AIM OF THE TASK:
Determine how many lines in the entries below include the word "cards", and reply with that number alone.

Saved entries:
lemma set_round_pmf: "set_pmf (round_pmf d u) \<subseteq> sign_cube d"
proof
  fix U assume "U \<in> set_pmf (round_pmf d u)"
  then have "U \<in> PiE_dflt {..<d} 0 (set_pmf \<circ> (\<lambda>j. map_pmf (\<lambda>b. if b then 1 else -1) (bernoulli_pmf ((1 + u j) / 2))))"
    unfolding round_pmf_def by (rule subsetD[OF set_Pi_pmf_subset'[OF finite_lessThan]])
  then show "U \<in> sign_cube d" by (auto simp: PiE_dflt_def sign_cube_def)
qed

lemma measure_cap_choice_bounds:
  assumes "U \<in> sign_cube d" "\<kappa> < d" "1/2 \<le> p" "p \<le> 1"
  shows "(1 - p) / lower_tail d \<kappa> * card (sign_cube d \<inter> T) \<le> measure_pmf.prob (cap_choice d \<kappa> p U) T"
    and "measure_pmf.prob (cap_choice d \<kappa> p U) T \<le> p / upper_tail d \<kappa> * card (sign_cube d \<inter> T)"
proof -
  let ?A = "{v \<in> sign_cube d. ip d v U > real \<kappa>}" and ?B = "{v \<in> sign_cube d. ip d v U \<le> real \<kappa>}"
  have cards: "card ?A = upper_tail d \<kappa>" "card ?B = lower_tail d \<kappa>"
    using card_sign_cube_ip_greater card_sign_cube_ip_le assms by auto
  have tails: "0 < upper_tail d \<kappa>" "upper_tail d \<kappa> \<le> lower_tail d \<kappa>"
    using upper_tail_pos upper_tail_le_lower_tail assms by auto
  then have "0 < card ?A" "0 < card ?B" using cards by linarith+
  then have "finite ?A" "?A \<noteq> {}" "finite ?B" "?B \<noteq> {}" by (simp_all add: card_gt_0_iff)
  moreover have "?A \<inter> ?B = {}" by auto
  moreover have "(1 - p) / card ?B \<le> p / card ?A"
    unfolding cards using assms tails by (intro frac_le) auto
  moreover have "?A \<union> ?B = sign_cube d" by auto
  ultimately show "(1 - p) / lower_tail d \<kappa> * card (sign_cube d \<inter> T) \<le> measure_pmf.prob (cap_choice d \<kappa> p U) T"
    and "measure_pmf.prob (cap_choice d \<kappa> p U) T \<le> p / upper_tail d \<kappa> * card (sign_cube d \<inter> T)"
    using measure_uniform_mixture_bounds[of ?A ?B p T] assms(3,4)
    unfolding cap_choice_def cards by simp_all
qed

lemma measure_PrivUnitInfty_bounds:
  assumes "\<kappa> < d" "1/2 \<le> p" "p \<le> 1"
  defines "\<nu> S \<equiv> real (card (sign_cube d \<inter> (\<lambda>v j. v j / priv_m d \<kappa> p) -` S))"
  shows "(1 - p) / lower_tail d \<kappa> * \<nu> S \<le> measure_pmf.prob (PrivUnitInfty d u \<kappa> p) S"
    and "measure_pmf.prob (PrivUnitInfty d u \<kappa> p) S \<le> p / upper_tail d \<kappa> * \<nu> S"
  unfolding PrivUnitInfty_conv_cap_choice measure_map_pmf \<nu>_def
  using set_round_pmf measure_cap_choice_bounds[OF _ assms(1-3)]
  by (blast intro: measure_bind_pmf_ge measure_bind_pmf_le)+

lemma logistic_ratio_le_exp:
  fixes p a b \<epsilon> \<epsilon>0 :: real
  assumes "p = exp \<epsilon>0 / (1 + exp \<epsilon>0)" "0 < a" "0 < b" "ln b - ln a \<le> \<epsilon>"
  shows "p / a \<le> exp (\<epsilon> + \<epsilon>0) * ((1 - p) / b)"
proof -
  have "ln (b / a) \<le> \<epsilon>" using assms(2-4) by (simp add: ln_div)
  then have "b / a \<le> exp \<epsilon>"
    using assms(2,3) by (metis divide_pos_pos exp_le_cancel_iff exp_ln)
  then have b_le: "b \<le> exp \<epsilon> * a" using \<open>0 < a\<close> by (simp add: field_simps)
  have "0 < 1 + exp \<epsilon>0" by (simp add: add_pos_pos)
  then have q_eq: "1 - p = 1 / (1 + exp \<epsilon>0)" and p_eq: "p = exp \<epsilon>0 * (1 - p)"
    using assms(1) by (simp_all add: field_simps)
  have "0 \<le> 1 - p" using q_eq by simp
  have "p * b = exp \<epsilon>0 * (1 - p) * b" using p_eq by simp
  also have "\<dots> \<le> exp \<epsilon>0 * (1 - p) * (exp \<epsilon> * a)"
    using b_le \<open>0 \<le> 1 - p\<close> by (intro mult_left_mono) auto
  also have "\<dots> = exp (\<epsilon> + \<epsilon>0) * (1 - p) * a" by (simp add: exp_add)
  finally show ?thesis using assms(2,3) by (simp add: field_simps)
qed

theorem theorem4p5:
  fixes d \<kappa> :: nat and \<epsilon>0 \<epsilon> p0 :: real
  assumes "d \<ge> 1" and "\<kappa> \<le> d - 1" and "\<epsilon>0 \<ge> 0" and "\<epsilon> \<ge> 0"
    and "p0 = exp \<epsilon>0 / (1 + exp \<epsilon>0)"
    and "ln (real (\<Sum>l = 0..dtau d \<kappa> - 1. d choose l))
         - ln (real (\<Sum>l = dtau d \<kappa>..d. d choose l)) \<le> \<epsilon>"
  shows "local_dp (input_cube d) (\<lambda>u. PrivUnitInfty d u \<kappa> p0) (\<epsilon> + \<epsilon>0)"
proof -
  have "\<kappa> < d" using assms(1,2) by linarith
  moreover have "1/2 \<le> p0" "p0 \<le> 1"
    using assms(3,5) by (simp_all add: field_simps add_pos_pos)
  moreover have "p0 / upper_tail d \<kappa> \<le> exp (\<epsilon> + \<epsilon>0) * ((1 - p0) / lower_tail d \<kappa>)"
  proof (rule logistic_ratio_le_exp[OF assms(5)])
    show "0 < real (upper_tail d \<kappa>)" "0 < real (lower_tail d \<kappa>)"
      using upper_tail_pos[OF \<open>\<kappa> < d\<close>] upper_tail_le_lower_tail[OF \<open>\<kappa> < d\<close>] by simp_all
    show "ln (lower_tail d \<kappa>) - ln (upper_tail d \<kappa>) \<le> \<epsilon>"
      using assms(6) unfolding upper_tail_def lower_tail_def .
  qed
  ultimately show ?thesis
    by (intro local_dp_sandwich[where \<nu>="\<lambda>S. card (sign_cube d \<inter> (\<lambda>v j. v j / priv_m d \<kappa> p0) -` S)"])
       (auto intro: measure_PrivUnitInfty_bounds)
qed

end
(* Let $X,Y$ be vector spaces in separating duality, $X$ with $\sigma(X,Y)$. Let $f:X\to(-\infty,+\infty]$ be convex, lower semicontinuous, with $\mathrm{dom}\,f$ contained in a compact set, and let $V\subset X$ be closed and convex. If $V\cap\mathrm{dom}\,f\ne\emptyset$ or $V\cap\mathrm{cl}\,\mathrm{dom}\,f=\emptyset$, then $$\inf_{x\in V}f(x)=-\inf_{y\in Y}\big(f^*(y)+\xi_V^*(-y)\big)\in(-\infty,\infty].$$ If $V$ satisfies neither condition, then for every closed convex $W\subset\mathrm{int}\,V$, $$\inf_{x\in W}f(x)=-\inf_{y\in Y}\big(f^*(y)+\xi_W^*(-y)\big)=+\infty.$$
   Context: $\xi_C$: convex indicator of $C$ ($0$ on $C$, $+\infty$ outside); $\xi_C^*(y)=\sup_{x\in C}\langle x,y\rangle$ its support function. $f^*(y)=\sup_x\{\langle x,y\rangle-f(x)\}$. $\mathrm{dom}\,f=\{f<\infty\}$. *)

theory Defs
  imports "HOL-Analysis.Analysis"
begin

definition separating_duality :: "('x::real_vector \<Rightarrow> 'y::real_vector \<Rightarrow> real) \<Rightarrow> bool" where
  "separating_duality B \<longleftrightarrow>
     (\<forall>y. linear (\<lambda>x. B x y)) \<and> (\<forall>x. linear (\<lambda>y. B x y)) \<and>
     (\<forall>x. x \<noteq> 0 \<longrightarrow> (\<exists>y. B x y \<noteq> 0)) \<and>
     (\<forall>y. y \<noteq> 0 \<longrightarrow> (\<exists>x. B x y \<noteq> 0))"

definition weak_top :: "('x \<Rightarrow> 'y \<Rightarrow> real) \<Rightarrow> 'x topology" where
  "weak_top B = topology_generated_by {(\<lambda>x. B x y) -` U | y U. open U}"

definition ereal_convex_fun :: "('x::real_vector \<Rightarrow> ereal) \<Rightarrow> bool" where
  "ereal_convex_fun f \<longleftrightarrow>
     (\<forall>x y. \<forall>t::real. 0 < t \<and> t < 1 \<longrightarrow>
        f (t *\<^sub>R x + (1 - t) *\<^sub>R y) \<le> ereal t * f x + ereal (1 - t) * f y)"

definition lsc_on :: "'x topology \<Rightarrow> ('x \<Rightarrow> ereal) \<Rightarrow> bool" where
  "lsc_on T f \<longleftrightarrow> (\<forall>c::real. closedin T {x \<in> topspace T. f x \<le> ereal c})"

definition edom :: "('x \<Rightarrow> ereal) \<Rightarrow> 'x set" where
  "edom f = {x. f x < \<infinity>}"

definition fconj :: "('x \<Rightarrow> 'y \<Rightarrow> real) \<Rightarrow> ('x \<Rightarrow> ereal) \<Rightarrow> 'y \<Rightarrow> ereal" where
  "fconj B f y = (SUP x. ereal (B x y) - f x)"

text \<open>Support function of C: conjugate of the convex indicator, sup_{x in C} <x,y>.\<close>
definition supp_fun :: "('x \<Rightarrow> 'y \<Rightarrow> real) \<Rightarrow> 'x set \<Rightarrow> 'y \<Rightarrow> ereal" where
  "supp_fun B C y = (SUP x\<in>C. ereal (B x y))"

end

theory Submission
  imports Defs
begin

(* Weak duality is the Fenchel-Young inequality. For the converse, fix a real c below
   the primal value. The weakly compact sublevel set {f \<le> c'} (c < c' < inf_V f) is
   disjoint from the closed set V, so by a finite-subcover argument finitely many
   functionals B(-,y), y \<in> Y, uniformly separate V from the points where f is almost
   below c. Consequently the convex set {(x - v, t) | v \<in> V, f x \<le> c + t} of X \<times> \<real> is
   bounded away from 0 in the finitely many coordinates t, B(-,y); a minimum-norm
   argument in these coordinates gives a strictly separating functional, which after
   rescaling becomes a dual point y with f* y + \<xi>_V* (-y) \<le> -c.

   In particular the case distinction of
   mainTheorem17 is not needed for the duality formula itself: the second case only
   adds that the common value is +\<infinity> because W \<subseteq> V misses dom f. *)

lemma topspace_weak_top [simp]: "topspace (weak_top B) = UNIV"
proof -
  have "(\<lambda>x. B x y) -` UNIV \<in> {(\<lambda>x. B x y) -` U | y U. open U}" for y
    by blast
  then show ?thesis
    unfolding weak_top_def topology_generated_by_topspace by blast
qed

(* Basic weak neighbourhood of x: points that are e-close to x on the finitely many
   functionals B(-,y), y in Y (Y is intended to be finite). *)
definition weak_nbhd :: "('x \<Rightarrow> 'y \<Rightarrow> real) \<Rightarrow> 'x \<Rightarrow> 'y set \<Rightarrow> real \<Rightarrow> 'x set" where
  "weak_nbhd B x Y e = {z. \<forall>y\<in>Y. \<bar>B z y - B x y\<bar> < e}"

lemma openin_weak_nbhd:
  assumes "finite Y"
  shows "openin (weak_top B) (weak_nbhd B x Y e)"
  using assms
proof (induction Y rule: finite_induct)
  case empty
  then show ?case
    using openin_topspace[of "weak_top B"] by (simp add: weak_nbhd_def)
next
  case (insert y Y)
  have "weak_nbhd B x (insert y Y) e = (\<lambda>z. B z y) -` ball (B x y) e \<inter> weak_nbhd B x Y e"
    by (auto simp: weak_nbhd_def dist_real_def abs_minus_commute)
  moreover have "openin (weak_top B) ((\<lambda>z. B z y) -` ball (B x y) e)"
    unfolding weak_top_def by (rule topology_generated_by_Basis) auto
  ultimately show ?case
    using insert.IH by auto
qed

lemma weak_nbhd_mono:
  "Y \<subseteq> Y' \<Longrightarrow> e' \<le> e \<Longrightarrow> weak_nbhd B x Y' e' \<subseteq> weak_nbhd B x Y e"
  by (fastforce simp: weak_nbhd_def)

lemma weak_nbhd_triangle:
  assumes "s' \<in> weak_nbhd B s Y r" and "s' \<in> weak_nbhd B v Y r'"
  shows "v \<in> weak_nbhd B s Y (r + r')"
  unfolding weak_nbhd_def
proof (intro CollectI ballI)
  fix y
  assume "y \<in> Y"
  then have "\<bar>B s' y - B s y\<bar> < r" and "\<bar>B s' y - B v y\<bar> < r'"
    using assms by (auto simp: weak_nbhd_def)
  then show "\<bar>B v y - B s y\<bar> < r + r'"
    by (auto simp: abs_less_iff)
qed

lemma weak_nbhd_basis:
  assumes "openin (weak_top B) S" and "x \<in> S"
  shows "\<exists>Y e. finite Y \<and> e > 0 \<and> weak_nbhd B x Y e \<subseteq> S"
proof -
  have "generate_topology_on {(\<lambda>x. B x y) -` U | y U. open U} S"
    using assms(1) unfolding weak_top_def by (rule openin_topology_generated_by)
  then show ?thesis
    using assms(2)
  proof (induction arbitrary: x rule: generate_topology_on.induct)
    case Empty
    then show ?case by simp
  next
    case (Int S1 S2)
    obtain Y1 e1 where 1: "finite Y1" "e1 > 0" "weak_nbhd B x Y1 e1 \<subseteq> S1"
      using Int.IH(1) Int.prems by blast
    obtain Y2 e2 where 2: "finite Y2" "e2 > 0" "weak_nbhd B x Y2 e2 \<subseteq> S2"
      using Int.IH(2) Int.prems by blast
    have "weak_nbhd B x (Y1 \<union> Y2) (min e1 e2) \<subseteq> S1 \<inter> S2"
      using 1(3) 2(3) weak_nbhd_mono[of Y1 "Y1 \<union> Y2" "min e1 e2" e1 B x]
        weak_nbhd_mono[of Y2 "Y1 \<union> Y2" "min e1 e2" e2 B x] by auto
    then show ?case
      using 1 2 by (intro exI[of _ "Y1 \<union> Y2"] exI[of _ "min e1 e2"]) auto
  next
    case (UN \<K>)
    then obtain K where K: "K \<in> \<K>" "x \<in> K" by blast
    then obtain Y e where "finite Y" "e > 0" "weak_nbhd B x Y e \<subseteq> K"
      using UN.IH by blast
    then show ?case using K(1) by blast
  next
    case (Basis S)
    then obtain y U where S: "S = (\<lambda>x. B x y) -` U" "open U" by blast
    then obtain e where "e > 0" "ball (B x y) e \<subseteq> U"
      using Basis.prems open_contains_ball by blast
    then have "weak_nbhd B x {y} e \<subseteq> S"
      using S by (auto simp: weak_nbhd_def dist_real_def abs_minus_commute)
    then show ?case using \<open>e > 0\<close> by blast
  qed
qed

(* A weakly compact set S and a disjoint weakly closed set V are uniformly separated by
   finitely many functionals B(-,y): cover S by half-size basic neighbourhoods that
   miss V and pass to a finite subcover. *)
lemma compact_closed_weak_gap:
  assumes S: "compactin (weak_top B) S" and V: "closedin (weak_top B) V"
    and disj: "S \<inter> V = {}"
  shows "\<exists>Y e. finite Y \<and> e > 0 \<and> (\<forall>s\<in>S. \<forall>v\<in>V. \<exists>y\<in>Y. e \<le> \<bar>B s y - B v y\<bar>)"
proof -
  have open_compl: "openin (weak_top B) (- V)"
    using V by (simp add: closedin_def Compl_eq_Diff_UNIV)
  have "\<exists>Y e. finite Y \<and> e > 0 \<and> weak_nbhd B s Y e \<subseteq> - V" if "s \<in> S" for s
  proof -
    have "s \<in> - V" using disj that by blast
    then show ?thesis by (rule weak_nbhd_basis[OF open_compl])
  qed
  then obtain Ys es where Ys: "\<And>s. s \<in> S \<Longrightarrow> finite (Ys s) \<and> es s > 0 \<and> weak_nbhd B s (Ys s) (es s) \<subseteq> - V"
    by metis
  define U where "U s = weak_nbhd B s (Ys s) (es s / 2)" for s
  have "\<forall>W\<in>U ` S. openin (weak_top B) W"
    using Ys by (auto simp: U_def intro!: openin_weak_nbhd)
  moreover have "S \<subseteq> \<Union>(U ` S)"
    using Ys by (force simp: U_def weak_nbhd_def)
  ultimately obtain \<F> where "finite \<F>" "\<F> \<subseteq> U ` S" "S \<subseteq> \<Union>\<F>"
    using S unfolding compactin_def by meson
  then obtain S0 where S0: "S0 \<subseteq> S" "finite S0" "S \<subseteq> \<Union>(U ` S0)"
    by (metis finite_subset_image)
  define Y where "Y = \<Union>(Ys ` S0)"
  define e where "e = Min (insert 1 ((\<lambda>s. es s / 2) ` S0))"
  have "finite Y" "e > 0"
    using S0 Ys by (auto simp: Y_def e_def)
  moreover have "\<exists>y\<in>Y. e \<le> \<bar>B s' y - B v y\<bar>" if "s' \<in> S" "v \<in> V" for s' v
  proof (rule ccontr)
    assume "\<not> ?thesis"
    then have close: "\<bar>B s' y - B v y\<bar> < e" if "y \<in> Y" for y
      using that by force
    obtain s where s: "s \<in> S0" "s' \<in> U s" using S0(3) \<open>s' \<in> S\<close> by blast
    have "e \<le> es s / 2"
      unfolding e_def using S0(2) s(1) by (intro Min_le) auto
    have "s' \<in> weak_nbhd B v Y e"
      using close by (simp add: weak_nbhd_def)
    moreover have "Ys s \<subseteq> Y"
      using s(1) by (auto simp: Y_def)
    ultimately have "s' \<in> weak_nbhd B v (Ys s) (es s / 2)"
      using weak_nbhd_mono[OF \<open>Ys s \<subseteq> Y\<close> \<open>e \<le> es s / 2\<close>, where B=B and x=v] by blast
    then have "v \<in> weak_nbhd B s (Ys s) (es s / 2 + es s / 2)"
      using s(2) unfolding U_def by (rule weak_nbhd_triangle[rotated])
    then have "v \<in> weak_nbhd B s (Ys s) (es s)"
      by simp
    moreover have "weak_nbhd B s (Ys s) (es s) \<subseteq> - V"
      using Ys S0(1) s(1) by blast
    ultimately show False
      using \<open>v \<in> V\<close> by blast
  qed
  ultimately show ?thesis by blast
qed

lemma lsc_superlevel_openin:
  assumes "lsc_on T f"
  shows "openin T {x \<in> topspace T. ereal c < f x}"
proof -
  have "{x \<in> topspace T. ereal c < f x} = topspace T - {x \<in> topspace T. f x \<le> ereal c}"
    by auto
  moreover have "closedin T {x \<in> topspace T. f x \<le> ereal c}"
    using assms by (simp add: lsc_on_def)
  ultimately show ?thesis
    by (simp add: openin_diff)
qed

RESULT FOR THIS EXERCISE:
4